lemma complementarity_system_linear_bound:
  assumes mu_pos: "\<And>i j. (i, j) \<in> E \<Longrightarrow> 0 < \<mu> i j"
    and rates: "(\<exists>m. \<forall>(i, j)\<in>E. \<mu> i j = m j) \<or> (\<exists>m. \<forall>(i, j)\<in>E. \<mu> i j = m i)"
  obtains K :: real where "1 \<le> K"
    and "\<And>w y z \<psi> t. complementarity_system I J E \<mu> w y z \<psi> \<Longrightarrow> 0 \<le> t \<Longrightarrow>
      (\<Sum>i\<in>Iset I. \<bar>y i t\<bar>) + (\<Sum>j\<in>Jset I J. \<bar>z j t\<bar>) \<le> K * (1 + t) * supnorm (Iset I) w t"
  using rates
proof (elim disjE exE)
  fix m assume m: "\<forall>(i, j)\<in>E. \<mu> i j = m j"
  define \<nu> where "\<nu> j = (if 0 < m j then m j else 1)" for j
  have rate: "\<mu> i j = \<nu> j" if "(i, j) \<in> E" for i j
    using m mu_pos[OF that] that by (auto simp: \<nu>_def)
  have rate_nonneg: "0 \<le> \<nu> j" for j
    by (simp add: \<nu>_def)
  show thesis
  proof (rule that[of 2])
    fix w y z \<psi> and t :: real
    assume system: "complementarity_system I J E \<mu> w y z \<psi>" and t: "0 \<le> t"
    have "(\<Sum>i\<in>Iset I. \<bar>y i t\<bar>) + (\<Sum>j\<in>Jset I J. \<bar>z j t\<bar>) \<le> 2 * supnorm (Iset I) w t"
      using complementarity_system.norm_bound_server_rates[OF system rate rate_nonneg t] .
    also have "\<dots> \<le> 2 * (1 + t) * supnorm (Iset I) w t"
      using mult_nonneg_nonneg[OF t complementarity_system.supnorm_w_nonneg[OF system t]]
      by (simp add: algebra_simps)
    finally show "(\<Sum>i\<in>Iset I. \<bar>y i t\<bar>) + (\<Sum>j\<in>Jset I J. \<bar>z j t\<bar>)
      \<le> 2 * (1 + t) * supnorm (Iset I) w t" .
  qed simp
next
  fix m assume m: "\<forall>(i, j)\<in>E. \<mu> i j = m i"
  define \<nu> where "\<nu> i = (if 0 < m i then m i else 1)" for i
  have rate: "\<mu> i j = \<nu> i" if "(i, j) \<in> E" for i j
    using m mu_pos[OF that] that by (auto simp: \<nu>_def)
  have rate_pos: "0 < \<nu> i" for i
    by (simp add: \<nu>_def)
  have "0 \<le> (\<Sum>i\<in>Iset I. \<nu> i)" "0 \<le> (\<Sum>i\<in>Iset I. 1 / \<nu> i)"
    using rate_pos by (simp_all add: sum_nonneg less_imp_le)
  then have "1 \<le> (1 + real I) * (1 + (\<Sum>i\<in>Iset I. \<nu> i)) + (\<Sum>i\<in>Iset I. \<nu> i) * (\<Sum>i\<in>Iset I. 1 / \<nu> i)"
    by (simp add: algebra_simps)
  then show thesis
    using complementarity_system.norm_bound_class_rates[of I J E \<mu> _ _ _ _ \<nu>, OF _ rate rate_pos]
    by (rule that)
qed

theorem proposition2:
  fixes I J :: nat
    and E :: "(nat \<times> nat) set"
    and \<mu> :: "nat \<Rightarrow> nat \<Rightarrow> real"
    and \<theta> :: "nat \<Rightarrow> real"
  assumes E_sub: "E \<subseteq> Iset I \<times> Jset I J"
    and mu_pos: "\<And>i j. (i, j) \<in> E \<Longrightarrow> \<mu> i j > 0"
    and mu_zero: "\<And>i j. (i, j) \<notin> E \<Longrightarrow> \<mu> i j = 0"
    and theta_nonneg: "\<And>i. \<theta> i \<ge> 0"
    and tree: "is_tree (Iset I \<union> Jset I J) E"
    and cases: "((\<exists>m :: nat \<Rightarrow> real. \<forall>(i, j)\<in>E. \<mu> i j = m j) \<and> (\<forall>i\<in>Iset I. \<theta> i = 0))
              \<or> ((\<exists>m :: nat \<Rightarrow> real. \<forall>(i, j)\<in>E. \<mu> i j = m i) \<and> (\<forall>i\<in>Iset I. \<theta> i = 0))"
  shows "\<exists>m2 :: real. \<forall>(w :: nat \<Rightarrow> real \<Rightarrow> real) (y :: nat \<Rightarrow> real \<Rightarrow> real)
            (z :: nat \<Rightarrow> real \<Rightarrow> real) (\<psi> :: nat \<Rightarrow> nat \<Rightarrow> real \<Rightarrow> real).
           (\<forall>i\<in>Iset I. meas_loc_bdd (w i) \<and> meas_loc_bdd (y i))
         \<and> (\<forall>j\<in>Jset I J. meas_loc_bdd (z j))
         \<and> (\<forall>i\<in>Iset I. \<forall>j\<in>Jset I J. meas_loc_bdd (\<psi> i j))
         \<and> (\<forall>i\<in>Iset I. \<forall>j\<in>Jset I J. (i, j) \<notin> E \<longrightarrow> (\<forall>s\<ge>0. \<psi> i j s = 0))
         \<and> (\<forall>i\<in>Iset I. \<forall>t\<ge>0.
              (\<Sum>j\<in>Jset I J. Top (\<mu> i j) (\<psi> i j) t) = w i t - Top (\<theta> i) (y i) t)
         \<and> (\<forall>j\<in>Jset I J. \<forall>t\<ge>0. (\<Sum>i\<in>Iset I. \<psi> i j t) = - z j t)
         \<and> (\<forall>i\<in>Iset I. \<forall>t\<ge>0. y i t \<ge> 0)
         \<and> (\<forall>j\<in>Jset I J. \<forall>t\<ge>0. z j t \<ge> 0)
         \<and> (\<forall>t\<ge>0. min (\<Sum>i\<in>Iset I. y i t) (\<Sum>j\<in>Jset I J. z j t) = 0)
         \<longrightarrow> (\<forall>t\<ge>0. (\<Sum>i\<in>Iset I. \<bar>y i t\<bar>) + (\<Sum>j\<in>Jset I J. \<bar>z j t\<bar>)
                     \<le> m2 * (1 + t) powr m2 * supnorm (Iset I) w t)"
proof -
  have theta_zero: "\<forall>i\<in>Iset I. \<theta> i = 0"
    using cases by blast
  have rates: "(\<exists>m. \<forall>(i, j)\<in>E. \<mu> i j = m j) \<or> (\<exists>m. \<forall>(i, j)\<in>E. \<mu> i j = m i)"
    using cases by blast
  obtain K where K: "1 \<le> K"
    and linear_bound: "\<And>w y z \<psi> t. complementarity_system I J E \<mu> w y z \<psi> \<Longrightarrow> 0 \<le> t \<Longrightarrow>
      (\<Sum>i\<in>Iset I. \<bar>y i t\<bar>) + (\<Sum>j\<in>Jset I J. \<bar>z j t\<bar>) \<le> K * (1 + t) * supnorm (Iset I) w t"
    using complementarity_system_linear_bound[OF mu_pos rates] by blast
  show ?thesis
  proof (intro exI[of _ K] allI impI, goal_cases)
    case (1 w y z \<psi> t)
    have system: "complementarity_system I J E \<mu> w y z \<psi>"
      by (intro complementarity_system.intro) (use 1(1) theta_zero in \<open>auto simp: min_def split: if_splits\<close>)
    have "(\<Sum>i\<in>Iset I. \<bar>y i t\<bar>) + (\<Sum>j\<in>Jset I J. \<bar>z j t\<bar>) \<le> K * (1 + t) * supnorm (Iset I) w t"
      using linear_bound[OF system 1(2)] .
    also have "\<dots> \<le> K * (1 + t) powr K * supnorm (Iset I) w t"
      using K 1(2) complementarity_system.supnorm_w_nonneg[OF system 1(2)]
      by (intro mult_right_mono mult_left_mono one_plus_le_powr) auto
    finally show ?case .
  qed
qed

end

## [WHAT THIS TASK INVOLVES]
Your response should hold the lines from the first line of the entries above through the line with "obtains K :: real", each retyped exactly, and nothing else.

## [OUTPUT]
lemma complementarity_system_linear_bound:
  assumes mu_pos: "\<And>i j. (i, j) \<in> E \<Longrightarrow> 0 < \<mu> i j"
    and rates: "(\<exists>m. \<forall>(i, j)\<in>E. \<mu> i j = m j) \<or> (\<exists>m. \<forall>(i, j)\<in>E. \<mu> i j = m i)"
  obtains K :: real where "1 \<le> K"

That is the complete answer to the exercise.